Unofficial title:

WHAT THE FOUNDERS WERE READING

(The University officially calls the course "THE INTELLECTUAL WORLD OF THEAMERICAN FOUNDERS")

 

Description

“This was the object of the Declaration of Independence.  Not to find out new principles, or new arguments, never before thought of, not merely to say things which had never been said before; but to place before mankind the common sense of the subject, in terms so plain and firm as to command their assent, and to justify ourselves in the independent stand we are compelled to take.  Neither aiming at originality of principle or sentiment, nor yet copied from any particular and previous writing, it was intended to be an expression of the American mind, and to give to that expression the proper tone and spirit called for by the occasion.  All its authority rests then on the harmonizing sentiments of the day, whether expressed in conversation, in letters, printed essays, or in the elementary books of public right, as Aristotle, Cicero, Locke, Sidney, &c.  The historical documents which you mention in your possession, ought all to be found, and I am persuaded you will find, to be corroborative of the facts and principles advanced in that Declaration.”

-- Thomas Jefferson, Letter to Henry Lee, 8 May 8 1825, Collected Works, Ford edition, Volume 10, p. 343.

“These are what are called revolution principles. They are the principles of Aristotle and Plato, of Livy and Cicero, and Sidney, Harrington, and Locke; the principles of nature and eternal reason; the principles on which the whole government over us now stands. It is therefore astonishing, if any thing can be so, that writers, who call themselves friends of government, should in this age and country be so inconsistent with themselves, so indiscreet, so immodest, as to insinuate a doubt concerning them.”

-- John Adams, Novanglus, No. 1.

We often read what the Founders of the country wrote.  But what were they reading themselves?  What were the intellectual influences on thinkers like Thomas Jefferson, George Washington, James Madison, James Wilson, Robert Yates, and Alexander Hamilton?  The answers shed an unusual light on what they were trying to do when they initiated the American experiment in self-government. 

The fifteen brief readings for this course are selected mostly from James Madison's famous reading suggestions to the Continental Congress (the "Report on Books.")  I have also drawn from the favorites of John Witherspoon, "the schoolmaster of the republic," who was a university mentor to several of the Founders, as well as from political sermons which the Founders were known to admire.  These controversial readings about politics, history, ethics, religion, and law provide an intriguing way to enter into the minds of the men who began the new nation.
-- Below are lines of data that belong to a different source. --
theorem lemma7:
  fixes \<P> :: "('s, 'a) lpts set" and L :: "('t, 'a) lpts"
  assumes "finite \<P>" and "\<P> \<noteq> {}"
    and "\<forall>P\<in>\<P>. stochastic_tree P"
    and "wf_lpts L"
    and "\<forall>P\<in>\<P>. P \<preceq>\<^sub>s L"
  shows "\<exists>Q. partition_on (union_states \<P>) Q
           \<and> (\<exists>e\<in>Q. \<forall>P\<in>\<P>. (P, start P) \<in> e)
           \<and> card Q \<le> 2 ^ card (states L)
           \<and> quotient \<P> Q \<preceq>\<^sub>s L"
proof -
  have finL: "finite (states L)" and wfP: "\<forall>P\<in>\<P>. wf_lpts P"
    using assms(3,4) unfolding wf_lpts_def stochastic_tree_def by auto
  obtain Rel where Rel: "\<forall>P\<in>\<P>. strong_sim P L (Rel P) \<and> Rel P `` {start P} = {start L}"
    using stochastic_tree_sim_le_start assms(3-5) by metis
  define key where "key = (\<lambda>(P, s). Rel P `` {s})"
  define Q where "Q = fibres (union_states \<P>) key"
  define e0 where "e0 = {x\<in>union_states \<P>. key x = {start L}}"
  have part: "partition_on (union_states \<P>) Q"
    unfolding Q_def by (rule partition_on_fibres)
  have starts: "(P, start P) \<in> e0" if "P \<in> \<P>" for P
    using that Rel wfP unfolding e0_def key_def union_states_def wf_lpts_def by auto
  have e0: "e0 \<in> Q"
    using starts assms(2) unfolding Q_def fibres_def e0_def by blast
  have "key ` union_states \<P> \<subseteq> Pow (states L)"
    using Rel unfolding key_def union_states_def strong_sim_def by blast
  then have card: "card Q \<le> 2 ^ card (states L)"
    using card_fibres_le[OF finite_union_states, of \<P> key] card_mono[of "Pow (states L)"]
      assms(1) wfP finL unfolding Q_def wf_lpts_def
    by (metis (no_types, lifting) card_Pow finite_Pow_iff le_trans)
  let ?R = "{(e, t). e \<in> Q \<and> (\<exists>(P, s)\<in>e. (s, t) \<in> Rel P)}"
  have "Rel P `` {s} = Rel P' `` {s'}" if "e \<in> Q" "(P, s) \<in> e" "(P', s') \<in> e" for e P s P' s'
    using fibres_eqD[of e _ key] that unfolding Q_def key_def by fastforce
  then have "strong_sim (quotient \<P> Q) L ?R"
    using quotient_strong_sim[OF part assms(1) finL wfP] Rel by blast
  moreover have "(start (quotient \<P> Q), start L) \<in> ?R"
    using start_quotient[OF part assms(2) e0] e0 starts assms(2) Rel by blast
  ultimately have "quotient \<P> Q \<preceq>\<^sub>s L"
    unfolding sim_le_def by blast
  with part e0 starts card show ?thesis
    by blast
qed

end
For background, if you have never read the Founders, I recommend The Federalist, essays 1, 2, 6. 9, 10, 14, 15, 16, 23, 37, 39, 47, 48, 49, 51, 62, 63, 70, 78, 84, and 85.  Perhaps the best of the Anti-Federalist writers is Brutus (probably Robert Yates), whose letters are contained in Herbert Storing, ed., The Anti-Federalist.

 

Readings, by Unit

Classical Influences:  Readings by Aristotle, Sallust, Tacitus, and Cicero.

Early Modern Influences:  Readings by Machiavelli, Hooker, Harrington, and Locke.

Nearly Contemporary Secular Influences:  Readings by Hume, Burlamaqui, Montesquieu, and Price.

Nearly Contemporary Religious Influences:  Readings by Langdon, Witherspoon, and Edwards.